Freezing cold temperatures can stress out a vehicle, as well as its driver. Low temperatures are a harsh reminder to be car care aware. Motorists should invest a little time now to check their vehicles so they have one less worry when arctic temperatures strike.
Very cold temperatures reduce a vehicle's battery power so it’s important to keep the connections clean, tight and corrosion-free. Batteries don't always give warning signs before they fail completely, so if the vehicle's battery is more than three years old, it's wise to replace it.
Be diligent about changing the oil and filter at recommended intervals. Dirty oil can spell trouble in winter. Check the fuel, air and transmission filters at the same time.
Have the brakes inspected and check the tire tread depth and tire pressure. If snow and ice are a problem in your area, consider special tires designed to grip slick roads. During winter, tire pressure should be checked weekly.
Winter magnifies existing problems such as pings, hard starts, sluggish performance or rough idling, so if you’re due for a tune-up, have it done before the temperatures drop again. Also, clean, flush and put new antifreeze in the cooling system and have the exhaust system checked for carbon monoxide leaks, which can be especially dangerous during cold weather driving when windows are closed.
For good visibility, make sure that exterior and interior lights work and headlights are properly aimed.

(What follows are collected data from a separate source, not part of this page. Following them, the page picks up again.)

lemma measure_first_blocks: "k \<le> 2 ^ m \<Longrightarrow> measure M (first_blocks m k) = k / 2 ^ m"
proof (induction m arbitrary: k)
  case 0
  then show ?case by (cases k) (simp_all add: prob_space)
next
  case (Suc m)
  show ?case
  proof (cases "even k")
    case True
    then obtain i where "k = 2 * i" by blast
    then show ?thesis using Suc by simp
  next
    case False
    then obtain i where k: "k = Suc (2 * i)" by (metis oddE Suc_eq_plus1)
    then have i: "Suc i \<le> 2 ^ m" using Suc.prems by simp
    have "measure M (block m (Suc i)) = 1 / 2 ^ m"
      using Suc.IH[OF i] Suc.IH[of i] i by (simp add: measure_block_eq_diff diff_divide_distrib[symmetric])
    moreover have "halve (block m (Suc i)) \<subseteq> block m (Suc i)"
      by (simp add: halve_subset)
    then have "measure M (first_blocks (Suc m) k) = measure M (first_blocks m i) + measure M (halve (block m (Suc i)))"
      unfolding k first_blocks_odd by (intro finite_measure_Union) (auto simp: halve_sets block_def)
    ultimately show ?thesis
      using Suc.IH[of i] i k by (simp add: measure_halve field_simps)
  qed
qed

lemma measure_block:
  assumes "j \<in> {1..2 ^ m}"
  shows "measure M (block m j) = 1 / 2 ^ m"
proof -
  have "measure M (block m j) = j / 2 ^ m - (j - 1) / 2 ^ m"
    using assms measure_first_blocks[of j m] measure_first_blocks[of "j - 1" m]
    by (auto simp add: measure_block_eq_diff simp del: of_nat_diff)
  then show ?thesis using assms by (simp add: of_nat_diff diff_divide_distrib[symmetric])
qed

Also check to see that heaters, defrosters, lights and wipers work properly. Consider winter wiper blades and use cold weather washer fluid. Wiper blades that are cracked or torn, or that chatter, streak and don’t properly clean your windshield should be changed.
Keep the gas tank at least half full at all times to decrease the chances of moisture forming in the gas lines and possibly freezing. Lastly, stock an emergency kit with an ice scraper and snowbrush, jumper cables, flashlight, flares, blanket, extra clothes, candles/matches, bottled water, dry food snacks and needed medication.